(* Let $(a_n)_{n\ge1}$ be an integer sequence such that $(na_n)_{n\ge1}$ is an Euler sequence. Then $(na_n)_{n\ge1}$ is an Euler–Gauss sequence. Moreover, for an integer sequence $(b_n)_{n\ge1}$, the sequence $(nb_n)_{n\ge1}$ is a Gauss sequence if and only if $b_n=0$ for all $n\ge1$.
   Context: $\mu$ is the Möbius function. An Euler sequence is an integer sequence $(c_n)$ with $c_{p^r}\equiv c_{p^{r-1}}\pmod{p^r}$ for all primes $p$ and integers $r\ge1$. For an integer sequence $(c_n)$ and $n\ge1$, $C_n^+=\prod_{d\mid n,\ \mu(d)=1} c_{n/d}$ and $C_n^-=\prod_{d\mid n,\ \mu(d)=-1} c_{n/d}$ (empty products equal $1$); $(c_n)$ is an Euler–Gauss sequence if $C_n^+\equiv C_n^-\pmod n$ for all $n\ge1$, and a Gauss sequence if $\sum_{d\mid n}\mu(d)c_{n/d}\equiv0\pmod n$ for all $n\ge1$. *)

theory Defs
  imports "HOL-Computational_Algebra.Primes" "HOL-Number_Theory.Cong"
begin

definition moebius :: "nat \<Rightarrow> int" where
  "moebius n = (if n = 0 then 0
     else if \<exists>p. prime p \<and> p^2 dvd n then 0
     else (-1) ^ card (prime_factors n))"

text \<open>Sequences (c_n)_{n>=1} are modelled as functions nat => int; the value at 0 is irrelevant.\<close>
definition euler_seq :: "(nat \<Rightarrow> int) \<Rightarrow> bool" where
  "euler_seq c \<longleftrightarrow> (\<forall>p r. prime p \<and> r \<ge> 1 \<longrightarrow>
      [c (p ^ r) = c (p ^ (r - 1))] (mod int (p ^ r)))"

definition C_plus :: "(nat \<Rightarrow> int) \<Rightarrow> nat \<Rightarrow> int" where
  "C_plus c n = (\<Prod>d\<in>{d. d dvd n \<and> moebius d = 1}. c (n div d))"

definition C_minus :: "(nat \<Rightarrow> int) \<Rightarrow> nat \<Rightarrow> int" where
  "C_minus c n = (\<Prod>d\<in>{d. d dvd n \<and> moebius d = -1}. c (n div d))"

definition euler_gauss_seq :: "(nat \<Rightarrow> int) \<Rightarrow> bool" where
  "euler_gauss_seq c \<longleftrightarrow> (\<forall>n\<ge>1. [C_plus c n = C_minus c n] (mod int n))"

definition gauss_seq :: "(nat \<Rightarrow> int) \<Rightarrow> bool" where
  "gauss_seq c \<longleftrightarrow> (\<forall>n\<ge>1. [(\<Sum>d | d dvd n. moebius d * c (n div d)) = 0] (mod int n))"

end

theory Submission
  imports Defs
begin

text \<open>Write \<open>c n = n a n\<close>. If \<open>n = p^k\<close> the only nonzero Moebius values among the divisors
  are at 1 and p, so \<open>C\<^sup>+\<^sub>n = c (p^k)\<close>, \<open>C\<^sup>-\<^sub>n = c (p^(k-1))\<close> and the Euler congruence is
  exactly what is needed. If n has two distinct prime factors p and q, then n divides the factor
  \<open>c n\<close> of \<open>C\<^sup>+\<^sub>n\<close> as well as \<open>(n/p)(n/q)\<close>, which divides the factor \<open>c (n/p) c (n/q)\<close> of
  \<open>C\<^sup>-\<^sub>n\<close>, so both sides vanish mod n.

  For the Gauss part, let n be minimal with \<open>b n \<noteq> 0\<close> and take a prime \<open>p > n, |n b n|\<close>. In the
  Gauss congruence at \<open>n p\<close> every term other than \<open>d = p\<close> is divisible by p: either p divides
  \<open>n p / d\<close>, or \<open>n p / d\<close> is a proper divisor of n. Hence p divides \<open>\<mu>(p) n b n = - n b n\<close>,
  which forces \<open>n b n = 0\<close>.\<close>

lemma moebius_Suc_0 [simp]: "moebius (Suc 0) = 1"
  unfolding moebius_def by (auto simp: prime_gt_1_nat)

lemma moebius_prime:
  assumes "prime (p::nat)"
  shows "moebius p = -1"
proof -
  have "\<not> q^2 dvd p" if "prime q" for q
  proof
    assume "q^2 dvd p"
    then have "q dvd p" by (meson dvd_power dvd_trans zero_less_numeral)
    then have "q = p" using assms that by (simp add: primes_dvd_imp_eq)
    with \<open>q^2 dvd p\<close> assms show False
      by (simp add: power2_eq_square prime_gt_1_nat)
  qed
  then show ?thesis
    using assms unfolding moebius_def by (auto simp: prime_prime_factors)
qed

lemma moebius_prime_power:
  assumes "prime (p::nat)" "i \<ge> 2"
  shows "moebius (p ^ i) = 0"
  using assms le_imp_power_dvd[OF assms(2), of p] unfolding moebius_def by auto

lemma prime_power_divisor_moebius_nonzero:
  assumes "prime (p::nat)" "d dvd p ^ k" "moebius d \<noteq> 0"
  shows "d = 1 \<or> d = p"
proof -
  obtain i where "d = p ^ i" "i \<le> k"
    using assms(2) divides_primepow_nat[OF assms(1)] by blast
  moreover have "i < 2"
    using assms(1,3) moebius_prime_power \<open>d = p ^ i\<close> by (metis not_less)
  ultimately show ?thesis by (auto simp: less_2_cases_iff)
qed

lemma C_plus_prime_power:
  assumes "prime p" "k \<ge> 1"
  shows "C_plus c (p ^ k) = c (p ^ k)"
proof -
  have "{d. d dvd p ^ k \<and> moebius d = 1} = {1}"
    using moebius_prime[OF assms(1)]
    by (auto dest: prime_power_divisor_moebius_nonzero[OF assms(1)])
  then show ?thesis unfolding C_plus_def by simp
qed

lemma C_minus_prime_power:
  assumes "prime p" "k \<ge> 1"
  shows "C_minus c (p ^ k) = c (p ^ (k - 1))"
proof -
  have "d = p" if "d dvd p ^ k" "moebius d = -1" for d
    using prime_power_divisor_moebius_nonzero[OF assms(1) that(1)] that(2) by auto
  then have "{d. d dvd p ^ k \<and> moebius d = -1} = {p}"
    using moebius_prime[OF assms(1)] assms(2) by (auto simp: dvd_power)
  moreover have "p ^ k div p = p ^ (k - 1)"
    using assms by (simp add: power_diff prime_gt_0_nat)
  ultimately show ?thesis unfolding C_minus_def by simp
qed

lemma finite_divisors_with:
  "(n::nat) \<ge> 1 \<Longrightarrow> finite {d. d dvd n \<and> P d}"
  by (rule finite_subset[of _ "{d. d dvd n}"]) (auto simp: finite_divisors_nat)

lemma dvd_C_plus:
  assumes "n \<ge> 1"
  shows "c n dvd C_plus c n"
proof -
  have "1 \<in> {d. d dvd n \<and> moebius d = 1}" by simp
  from dvd_prodI[OF finite_divisors_with[OF assms] this, of "\<lambda>d. c (n div d)"] show ?thesis
    unfolding C_plus_def by simp
qed

lemma dvd_C_minus:
  assumes "n \<ge> 1" "prime p" "prime q" "p \<noteq> q" "p dvd n" "q dvd n"
  shows "c (n div p) * c (n div q) dvd C_minus c n"
proof -
  have "c (n div p) * c (n div q) = (\<Prod>d\<in>{p, q}. c (n div d))"
    using assms(4) by simp
  also have "\<dots> dvd C_minus c n"
    unfolding C_minus_def
    by (rule prod_dvd_prod_subset[OF finite_divisors_with[OF assms(1)]])
       (use assms moebius_prime in auto)
  finally show ?thesis .
qed

lemma prime_power_or_two_prime_divisors:
  fixes n :: nat
  assumes "n > 1"
  obtains p k where "prime p" "k \<ge> 1" "n = p ^ k"
    | p q where "prime p" "prime q" "p \<noteq> q" "p dvd n" "q dvd n"
proof -
  obtain p where p: "prime p" "p dvd n"
    using assms prime_factor_nat by (metis not_less_iff_gr_or_eq)
  define k where "k = multiplicity p n"
  obtain m where m: "n = p ^ k * m" "\<not> p dvd m"
    using multiplicity_decompose'[of n p] assms p(1) unfolding k_def
    by (metis not_prime_unit not_one_less_zero)
  show thesis
  proof (cases "m = 1")
    case True
    moreover have "k \<ge> 1"
      using p assms prime_multiplicity_gt_zero_iff[of p n] unfolding k_def by simp
    ultimately show thesis using that(1) p(1) m(1) by simp
  next
    case False
    moreover have "m \<noteq> 0" using m(1) assms by (metis less_nat_zero_code mult_0_right)
    ultimately obtain q where "prime q" "q dvd m" using prime_factor_nat by blast
    moreover have "p \<noteq> q" using m(2) \<open>q dvd m\<close> by auto
    ultimately show thesis using that(2) p m(1) by simp
  qed
qed

lemma euler_gauss_seq_if_index_dvd:
  assumes euler: "euler_seq c" and index_dvd: "\<And>n. int n dvd c n"
  shows "euler_gauss_seq c"
  unfolding euler_gauss_seq_def
proof (intro allI impI)
  fix n :: nat
  assume n: "n \<ge> 1"
  show "[C_plus c n = C_minus c n] (mod int n)"
  proof (cases "n = 1")
    case False
    with n have "n > 1" by simp
    then consider p k where "prime p" "k \<ge> 1" "n = p ^ k"
      | p q where "prime p" "prime q" "p \<noteq> q" "p dvd n" "q dvd n"
      by (rule prime_power_or_two_prime_divisors)
    then show ?thesis
    proof cases
      case (1 p k)
      then show ?thesis
        using euler C_plus_prime_power C_minus_prime_power unfolding euler_seq_def by simp
    next
      case (2 p q)
      have "int n dvd C_plus c n"
        using index_dvd dvd_C_plus[OF n] by (rule dvd_trans)
      moreover have "int n dvd C_minus c n"
      proof -
        have "p * q dvd n"
          using 2 by (simp add: divides_mult primes_coprime)
        then obtain r where "n = p * q * r" ..
        then have "int n dvd int (n div p) * int (n div q)"
          using 2 by (simp add: prime_gt_0_nat)
        also have "\<dots> dvd c (n div p) * c (n div q)"
          by (intro mult_dvd_mono index_dvd)
        also have "\<dots> dvd C_minus c n"
          using dvd_C_minus[OF n 2] .
        finally show ?thesis .
      qed
      ultimately show ?thesis by (simp add: cong_def dvd_eq_mod_eq_0)
    qed
  qed simp
qed

lemma gauss_seq_prime_dvd:
  fixes c :: "nat \<Rightarrow> int"
  assumes gauss: "gauss_seq c" and p: "prime p" "\<not> p dvd n" and n: "n \<ge> 1"
    and below: "\<And>m. m dvd n \<Longrightarrow> m < n \<Longrightarrow> c m = 0"
    and multiples: "\<And>m. p dvd m \<Longrightarrow> int p dvd c m"
  shows "int p dvd c n"
proof -
  define N where "N = n * p"
  define f where "f = (\<lambda>d. moebius d * c (N div d))"
  have N: "N \<ge> 1"
    using n prime_gt_0_nat[OF p(1)] by (simp add: N_def)
  have "int N dvd (\<Sum>d | d dvd N. f d)"
    using gauss N unfolding gauss_seq_def f_def by (simp add: cong_0_iff)
  then have sum: "int p dvd (\<Sum>d | d dvd N. f d)"
    by (rule dvd_trans[rotated]) (simp add: N_def)
  have other_terms: "int p dvd f d" if "d dvd N" "d \<noteq> p" for d
  proof (cases "p dvd N div d")
    case True
    then show ?thesis by (simp add: f_def multiples)
  next
    case False
    then have "coprime (N div d) p"
      using p(1) by (simp add: prime_imp_coprime coprime_commute)
    moreover have "N div d dvd n * p"
      using that(1) unfolding N_def by (metis dvd_div_mult_self dvd_triv_left)
    ultimately have "N div d dvd n"
      by (simp add: coprime_dvd_mult_left_iff)
    moreover have "N div d \<noteq> n"
    proof
      assume "N div d = n"
      then have "d * n = p * n"
        using that(1) by (metis N_def dvd_mult_div_cancel mult.commute)
      then show False using that(2) n by simp
    qed
    ultimately have "c (N div d) = 0"
      using below dvd_imp_le[of "N div d" n] n by simp
    then show ?thesis by (simp add: f_def)
  qed
  have "(\<Sum>d | d dvd N. f d) = f p + (\<Sum>d \<in> {d. d dvd N} - {p}. f d)"
    by (rule sum.remove) (use N in \<open>auto simp: N_def finite_divisors_nat\<close>)
  moreover have "int p dvd (\<Sum>d \<in> {d. d dvd N} - {p}. f d)"
    using other_terms by (intro dvd_sum) auto
  ultimately have "int p dvd f p"
    using sum by (simp add: dvd_add_left_iff)
  moreover have "f p = - c n"
    using p(1) by (simp add: f_def N_def moebius_prime prime_gt_0_nat)
  ultimately show ?thesis by simp
qed

lemma gauss_seq_mult_index_imp_zero:
  fixes b :: "nat \<Rightarrow> int"
  assumes gauss: "gauss_seq (\<lambda>n. int n * b n)"
  shows "n \<ge> 1 \<Longrightarrow> b n = 0"
proof (induction n rule: less_induct)
  case (less n)
  define x where "x = int n * b n"
  obtain p where p: "prime p" "p > n + nat \<bar>x\<bar>"
    using bigger_prime by blast
  have "int p dvd x"
    unfolding x_def
  proof (rule gauss_seq_prime_dvd[OF gauss p(1) _ less.prems])
    show "\<not> p dvd n"
      using p(2) less.prems by (auto dest: dvd_imp_le)
    show "int m * b m = 0" if "m dvd n" "m < n" for m
      using less.IH[OF that(2)] that less.prems by (cases "m = 0") auto
  qed simp
  moreover have "\<bar>x\<bar> < int p"
    using p(2) by linarith
  ultimately have "x = 0"
    using dvd_imp_le_int[of x "int p"] by (metis abs_of_nat not_le)
  then show ?case
    using less.prems by (simp add: x_def)
qed

theorem theorem4:
  shows "(\<forall>a :: nat \<Rightarrow> int. euler_seq (\<lambda>n. int n * a n) \<longrightarrow>
            euler_gauss_seq (\<lambda>n. int n * a n))
       \<and> (\<forall>b :: nat \<Rightarrow> int. gauss_seq (\<lambda>n. int n * b n) \<longleftrightarrow> (\<forall>n\<ge>1. b n = 0))"
proof (intro conjI allI impI iffI)
  fix a :: "nat \<Rightarrow> int"
  assume "euler_seq (\<lambda>n. int n * a n)"
  then show "euler_gauss_seq (\<lambda>n. int n * a n)"
    by (rule euler_gauss_seq_if_index_dvd) simp
next
  fix b :: "nat \<Rightarrow> int" and n :: nat
  assume "gauss_seq (\<lambda>n. int n * b n)" and "n \<ge> 1"
  then show "b n = 0"
    by (rule gauss_seq_mult_index_imp_zero)
next
  fix b :: "nat \<Rightarrow> int"
  assume "\<forall>n\<ge>1. b n = 0"
  then have "(\<lambda>n. int n * b n) = (\<lambda>_. 0)"
    by (intro ext) (metis less_one mult_eq_0_iff not_less of_nat_0)
  then show "gauss_seq (\<lambda>n. int n * b n)"
    by (simp add: gauss_seq_def)
qed

end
§ §
Look for the word "prems" in the listing above, and copy every line where you find it.

§ ANSWER
  proof (rule gauss_seq_prime_dvd[OF gauss p(1) _ less.prems])
      using p(2) less.prems by (auto dest: dvd_imp_le)
      using less.IH[OF that(2)] that less.prems by (cases "m = 0") auto
    using less.prems by (simp add: x_def)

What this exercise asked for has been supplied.